*** Data supplied Section Begins ***

lemma row_uninsert_row_insert:
  "is_partition la \<Longrightarrow> insert_inv N la T i x \<Longrightarrow> row_insert la T i x = (U, r) \<Longrightarrow>
   row_uninsert la (U((r, row_len la r) := 0)) i r (U (r, row_len la r)) = (T, x)"
proof (induction la T i x arbitrary: U r rule: row_insert.induct)
  case (1 la T i x)
  note part = 1(2) and I = 1(3)
  have T: "T \<in> ssyt N la" using I by (auto simp: insert_inv_def)
  show ?case
  proof (cases "bump_col la T i x < row_len la i")
    case True
    define c where "c = bump_col la T i x"
    have c: "c < row_len la i" using True c_def by simp
    have e: "row_insert la (T((i, c) := x)) (Suc i) (T (i, c)) = (U, r)"
      using 1(4) row_insert_bump[OF True] c_def by simp
    have IH: "row_uninsert la (U((r, row_len la r) := 0)) (Suc i) r (U (r, row_len la r)) =
        (T((i, c) := x), T (i, c))"
      by (rule 1(1)[OF c_def c part insert_inv_bump[OF part I c_def c] e])
    have "unbump_col la (T((i, c) := x)) i (T (i, c)) = c"
      using unbump_col_bump_col[OF T True] c_def by simp
    moreover have "i < r" using row_insert_row_ge[OF e] by simp
    ultimately have "row_uninsert la (U((r, row_len la r) := 0)) i r (U (r, row_len la r)) =
        (T, x)"
      using row_uninsert_less[OF _ IH] by simp
    then show ?thesis by (simp add: fun_upd_def)
  next
    case False
    then have stop: "bump_col la T i x = row_len la i" using bump_col_le[of la T i x] by simp
    have e: "U = T((i, row_len la i) := x)" "r = i" using 1(4) row_insert_stop[OF stop] by auto
    have "T (i, row_len la i) = 0" using ssyt_outside_eq_0[OF T] by simp
    then show ?thesis using e row_uninsert_ge[of i i] by (auto simp: fun_upd_def)
  qed
qed
(* Let $n\ge 3$. For a generic framed $n$-gon $(B_1,\dots,B_n;u_1,\dots,u_n)$ and each $i$, let $C_i$ be the unique circle passing through $B_{i-1}$ and $B_i$ and tangent to $u_{i-1}$ at $B_{i-1}$ and to $u_i$ at $B_i$, and orient the chain $(C_1,\dots,C_n)$ by the rotation of the circles given by the framing vectors. This defines a map $\mathcal F_n^\circ\to\mathcal C_n^\circ$ from generic framed $n$-gons to generic oriented chains of $n$ circles, and this map is a bijection.
   Context: Indices are mod $n$. For nonzero plane vectors $u,v$, $\angle(u,v)\in\mathbb{R}/2\pi\mathbb{Z}$ is the counterclockwise angle from $u$ to $v$. A framed $n$-gon is a tuple $(B_1,\dots,B_n;u_1,\dots,u_n)$ of points with $B_i\neq B_{i+1}$ and unit vectors $u_i$ with $\angle(u_i,B_{i+1}-B_i)=\angle(B_{i+1}-B_i,u_{i+1})$ for all $i$; $(u_i)$ and $(-u_i)$ are identified. A framed polygon is non-generic if for some $i$ the vectors $u_{i-1},u_i,u_{i+1}$ are tangent to the circle through $B_{i-1},B_i,B_{i+1}$; otherwise generic; $\mathcal F_n^\circ$ is the set of generic framed $n$-gons. An oriented chain of $n$ circles is a collection of circles $C_1,\dots,C_n$ with $C_i$ tangent to $C_{i+1}$ and $C_i\ne C_{i+1}$, with signs assigned to the circles so that externally tangent consecutive circles have opposite signs and internally tangent ones have equal signs, up to simultaneous change of all signs (equivalently, the circles can be rotated consistently like linked gears, circles of the same sign rotating in the same sense). A chain is non-generic if for some $i$ the tangency point of $C_{i-1}$ with $C_i$ coincides with the tangency point of $C_i$ with $C_{i+1}$; otherwise generic; $\mathcal C_n^\circ$ is the set of generic oriented chains. *)

theory Defs
  imports "HOL-Analysis.Analysis"
begin

text \<open>The plane is the complex plane. Polygons and chains are lists of length n,
  indices taken mod n.\<close>

definition nxt :: "nat \<Rightarrow> nat \<Rightarrow> nat" where
  "nxt n i = (i + 1) mod n"

definition prv :: "nat \<Rightarrow> nat \<Rightarrow> nat" where
  "prv n i = (i + n - 1) mod n"

text \<open>Counterclockwise angle from u to v, represented by its canonical
  representative in (-pi, pi] (so equality of these values is equality in R/2piZ).\<close>
definition ccw_angle :: "complex \<Rightarrow> complex \<Rightarrow> real" where
  "ccw_angle u v = Arg (v / u)"

text \<open>Oriented generalized circles (circles and lines), each represented by its set of
  contact elements (point, unit tangent vector in the direction of traversal).
  s = 1: counterclockwise circle, s = -1: clockwise circle; lines are oriented by
  a unit direction vector.\<close>
definition oriented_circles :: "(complex \<times> complex) set set" where
  "oriented_circles =
     {{(p, s * \<i> * (p - c) / complex_of_real r) | p. cmod (p - c) = r} | c r s.
        r > 0 \<and> (s = 1 \<or> s = -1)}
   \<union> {{(a + complex_of_real t * v, v) | t. True} | a v. cmod v = 1}"

definition gcircles :: "complex set set" where
  "gcircles = (\<lambda>\<Gamma>. fst ` \<Gamma>) ` oriented_circles"
text \<open>Vertices of an S-cluster have no neighbours in S-clusters, so the degree condition
  forces \<open>A\<close> to be an L-cluster.\<close>
lemma A_in_LC: "A \<in> LC"
proof (rule ccontr)
  assume "A \<notin> LC"
  then have "A \<in> SC" using A_cluster by auto
  then have "{y \<in> \<Union>(fst ` M). E a y} = {}" if "a \<in> A" for a
    using that matching_edge no_edge_S_clusters by fastforce
  then have "avg_deg E A (fst ` M) = 0"
    unfolding avg_deg_def by (metis (no_types, lifting) card.empty div_0 of_nat_0 sum.neutral)
  moreover have "(\<Sum>(C, D) \<in> M. max (real (card (U \<inter> C))) (q * real (card (U \<inter> D)))) \<ge> 0"
    by (rule sum_nonneg) auto
  moreover have "q * real (card F2) \<ge> 0" using q_ge_1 by (intro mult_nonneg_nonneg) auto
  moreover have "\<eta> * card V > 0" using eta_pos card_V_pos by simp
  ultimately show False using avg_deg_large by linarith
qed

lemma card_component_le_cluster:
  "K \<in> components EF (VF - R) \<Longrightarrow> X \<in> clusters \<Longrightarrow> real (card K) \<le> min d 1 * r * \<eta> / 32 * card X"
  using card_component_le components_small by fastforce

text \<open>The expected number of neighbours of a vertex of \<open>A\<close> in the S-cluster of \<open>p\<close>.\<close>
definition weight :: "'a set \<times> 'a set \<Rightarrow> real" where
  "weight p = density E A (fst p) * card (fst p)"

*** Data supplied Section Ends ***

Exercise directions
The entries above hold a line with "representative in (-pi, pi]" and a later line with "text \<open>Oriented generalized". Write out exactly those lines and all lines between, nothing more.

Result
  representative in (-pi, pi] (so equality of these values is equality in R/2piZ).\<close>
definition ccw_angle :: "complex \<Rightarrow> complex \<Rightarrow> real" where
  "ccw_angle u v = Arg (v / u)"

text \<open>Oriented generalized circles (circles and lines), each represented by its set of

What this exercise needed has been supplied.